Monsanto, in partnership with several major agricultural retailers and conservation groups, had a program in the 1990s called Operation Green Stripe that provided financial incentives to Future Farmers of America (FFA) chapters to go out and recruit local farmers in the communities where they lived to plant a drainage area on their field to a vegetative buffer strip to protect surface waters from pesticide runoff and to conserve water and topsoil (see first photo). The next time you’re driving in a rural farm community on a Sunday afternoon, look for examples of land planted to these buffer strips. You can’t miss them; they are obvious any time of the year. Also look for examples of conservation tillage during months when crops are not growing or not yet fully grown (see next two photos). You’ll see the corn stalks and stubble of the previous year’s crop still lying in the field.

 

Farmers who work the land also live on the land.

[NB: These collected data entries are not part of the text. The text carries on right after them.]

(* Consider the two-unicast wireline network ("butterfly network 1") with nodes $\mathsf{S}_1,\mathsf{S}_2,\mathsf{M}_1,\mathsf{M}_2,\mathsf{D}_1,\mathsf{D}_2$ and seven directed edges: edge 1 from $\mathsf{S}_1$ to $\mathsf{M}_1$, edge 2 from $\mathsf{S}_2$ to $\mathsf{M}_1$, edge 3 from $\mathsf{M}_1$ to $\mathsf{M}_2$, edge 4 from $\mathsf{S}_1$ to $\mathsf{D}_2$, edge 5 from $\mathsf{S}_2$ to $\mathsf{D}_1$, edge 6 from $\mathsf{M}_2$ to $\mathsf{D}_2$, edge 7 from $\mathsf{M}_2$ to $\mathsf{D}_1$, where edge $i$ has capacity $\mathsf{C}_i\ge 0$. Then every nonnegative rate pair $(R_1,R_2)$ satisfying $$R_1\le \min\{\mathsf{C}_1,\mathsf{C}_7\},\quad R_2\le \min\{\mathsf{C}_2,\mathsf{C}_6\},$$ $$R_1+R_2\le \mathsf{C}_3+\min\{R_2,\mathsf{C}_4,\mathsf{C}_5\},\quad R_1+R_2\le \mathsf{C}_3+\min\{R_1,\mathsf{C}_4,\mathsf{C}_5\}$$ is achievable (without security constraints).
   Context: Network model: a directed acyclic graph; each edge $e$ is a noiseless orthogonal channel of capacity $\mathsf{C}_e$, carrying symbols from $\mathbb{F}_q$ (over $n$ channel uses edge $e$ carries a word $X_e^n$ of at most $n\mathsf{C}_e$ $q$-ary symbols' worth of information; received $Y_e^n=X_e^n$). Source $\mathsf{S}_i$ ($i=1,2$) has a message $W_i$, uniform, with $q$-ary entropy $nR_i$, $W_1,W_2$ independent; $W_i$ must be decoded at $\mathsf{D}_i$. A rate pair $(R_1,R_2)$ is achievable if for some block length $n$ there are encoding functions for every edge—an edge leaving $\mathsf{S}_i$ carries a function of $W_i$ only, and any other edge carries a function of the symbols received on the incoming edges of its tail node—and decoding functions $\phi_j$ applied to the symbols received on the incoming edges of $\mathsf{D}_j$ such that $\mathsf{D}_j$ recovers $W_j$ with vanishing error probability, $j=1,2$. *)

theory Defs
  imports Complex_Main "HOL-Computational_Algebra.Primes"
begin

text \<open>Capacities C e (e = 1..7), measured in q-ary symbols
 per channel use.  A block-length-n code: message sets {..<M1}, {..<M2};
 edge e carries a symbol from {..<L e} with L e \<le> q^(n C e);
 x1,x4 are functions of W1; x2,x5 of W2; x3 of (x1,x2); x6,x7 of x3;
 D1 decodes from (x5,x7), D2 from (x4,x6).\<close>

definition bf1_code ::
  "nat \<Rightarrow> nat \<Rightarrow> (nat \<Rightarrow> real) \<Rightarrow> nat \<Rightarrow> nat \<Rightarrow>
   (nat \<Rightarrow> nat) \<Rightarrow> (nat \<Rightarrow> nat) \<Rightarrow> (nat \<Rightarrow> nat \<Rightarrow> nat) \<Rightarrow>
   (nat \<Rightarrow> nat) \<Rightarrow> (nat \<Rightarrow> nat) \<Rightarrow> (nat \<Rightarrow> nat) \<Rightarrow> (nat \<Rightarrow> nat) \<Rightarrow> bool" where
  "bf1_code q n C M1 M2 x1 x2 x3 x4 x5 x6 x7 \<longleftrightarrow>
     (\<exists>L :: nat \<Rightarrow> nat.
        (\<forall>e\<in>{1..7}. real (L e) \<le> real q powr (real n * C e)) \<and>
        (\<forall>w1<M1. x1 w1 < L 1 \<and> x4 w1 < L 4) \<and>
        (\<forall>w2<M2. x2 w2 < L 2 \<and> x5 w2 < L 5) \<and>
        (\<forall>a<L 1. \<forall>b<L 2. x3 a b < L 3) \<and>
        (\<forall>c<L 3. x6 c < L 6 \<and> x7 c < L 7))"

definition bf1_err1 ::
  "nat \<Rightarrow> nat \<Rightarrow> (nat \<Rightarrow> nat) \<Rightarrow> (nat \<Rightarrow> nat) \<Rightarrow> (nat \<Rightarrow> nat \<Rightarrow> nat) \<Rightarrow>
   (nat \<Rightarrow> nat) \<Rightarrow> (nat \<Rightarrow> nat) \<Rightarrow> (nat \<Rightarrow> nat \<Rightarrow> nat) \<Rightarrow> nat" where
  "bf1_err1 M1 M2 x1 x2 x3 x5 x7 \<phi>1 =
     card {(w1, w2). w1 < M1 \<and> w2 < M2 \<and> \<phi>1 (x5 w2) (x7 (x3 (x1 w1) (x2 w2))) \<noteq> w1}"

definition bf1_err2 ::
  "nat \<Rightarrow> nat \<Rightarrow> (nat \<Rightarrow> nat) \<Rightarrow> (nat \<Rightarrow> nat) \<Rightarrow> (nat \<Rightarrow> nat \<Rightarrow> nat) \<Rightarrow>
   (nat \<Rightarrow> nat) \<Rightarrow> (nat \<Rightarrow> nat) \<Rightarrow> (nat \<Rightarrow> nat \<Rightarrow> nat) \<Rightarrow> nat" where
  "bf1_err2 M1 M2 x1 x2 x3 x4 x6 \<phi>2 =
     card {(w1, w2). w1 < M1 \<and> w2 < M2 \<and> \<phi>2 (x4 w1) (x6 (x3 (x1 w1) (x2 w2))) \<noteq> w2}"

text \<open>(R1,R2) achievable: for every \<epsilon> > 0 there is a block length n and a code
 with at least q^(n(R_i - \<epsilon>)) messages for source i and error probability
 at most \<epsilon> at each destination (messages uniform and independent).\<close>
definition bf1_achievable :: "nat \<Rightarrow> (nat \<Rightarrow> real) \<Rightarrow> real \<Rightarrow> real \<Rightarrow> bool" where
  "bf1_achievable q C R1 R2 \<longleftrightarrow>
     (\<forall>\<epsilon>>0. \<exists>n>0. \<exists>M1 M2 x1 x2 x3 x4 x5 x6 x7 \<phi>1 \<phi>2.
        bf1_code q n C M1 M2 x1 x2 x3 x4 x5 x6 x7 \<and>
        real M1 \<ge> real q powr (real n * (R1 - \<epsilon>)) \<and>
        real M2 \<ge> real q powr (real n * (R2 - \<epsilon>)) \<and>
        real (bf1_err1 M1 M2 x1 x2 x3 x5 x7 \<phi>1) \<le> \<epsilon> * real (M1 * M2) \<and>
        real (bf1_err2 M1 M2 x1 x2 x3 x4 x6 \<phi>2) \<le> \<epsilon> * real (M1 * M2))"

end

theory Submission
  imports Defs
begin

text \<open>Split each message into a common part of size A, carried at rate m, and a private part.
  The middle edge carries the sum of the two common parts modulo A together with both private
  parts; each destination learns the other source's common part from its side edge, subtracts it
  from the sum, and reads its own private part off the middle path. This is zero-error whenever
  the sizes fit the capacities, and rounding the sizes down to integers costs at most a factor 4
  in the message counts, which a slack \<epsilon> absorbs for large n.\<close>

lemma mixed_radix_less:
  fixes u v A K :: nat
  assumes "u < A" and "v < K"
  shows "u + A * v < A * K"
proof -
  have "u + A * v < A * Suc v" using assms(1) by simp
  also have "\<dots> \<le> A * K" using assms(2) by (intro mult_le_mono2) simp
  finally show ?thesis .
qed

lemma mod_add_sub_eq:
  fixes a b A :: nat
  assumes "b < A"
  shows "((a + b) mod A + A - b) mod A = a mod A"
proof -
  have "(a + b) mod A + A - b = (a + b) mod A + (A - b)" using assms by simp
  then have "((a + b) mod A + A - b) mod A = (a + b + (A - b)) mod A"
    by (simp add: mod_add_left_eq)
  also have "\<dots> = (a + A) mod A" using assms by simp
  finally show ?thesis by simp
qed

lemma nat_between_half_and:
  fixes x :: real
  assumes "x \<ge> 1"
  obtains N :: nat where "N > 0" and "real N \<le> x" and "x / 2 \<le> real N"
proof
  have floor: "real_of_int \<lfloor>x\<rfloor> \<le> x" "x < real_of_int \<lfloor>x\<rfloor> + 1" "\<lfloor>x\<rfloor> \<ge> 1"
    using assms by linarith+
  then have "real (nat \<lfloor>x\<rfloor>) = real_of_int \<lfloor>x\<rfloor>" by simp
  with floor show "nat \<lfloor>x\<rfloor> > 0" "real (nat \<lfloor>x\<rfloor>) \<le> x" "x / 2 \<le> real (nat \<lfloor>x\<rfloor>)"
    by linarith+
qed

They are not just protecting drinking water for the people living in the cities; they are protecting the water that their families drink and preserving the land they work.

 

This is a photo of a vegetative filter strip protecting the stream on the right from a tilled field on the left.

 

 

These are photos of conservation tillage, where a crop has been planted directly into the stubble of the previous year’s crop without having to disrupt the soil with heavy tillage.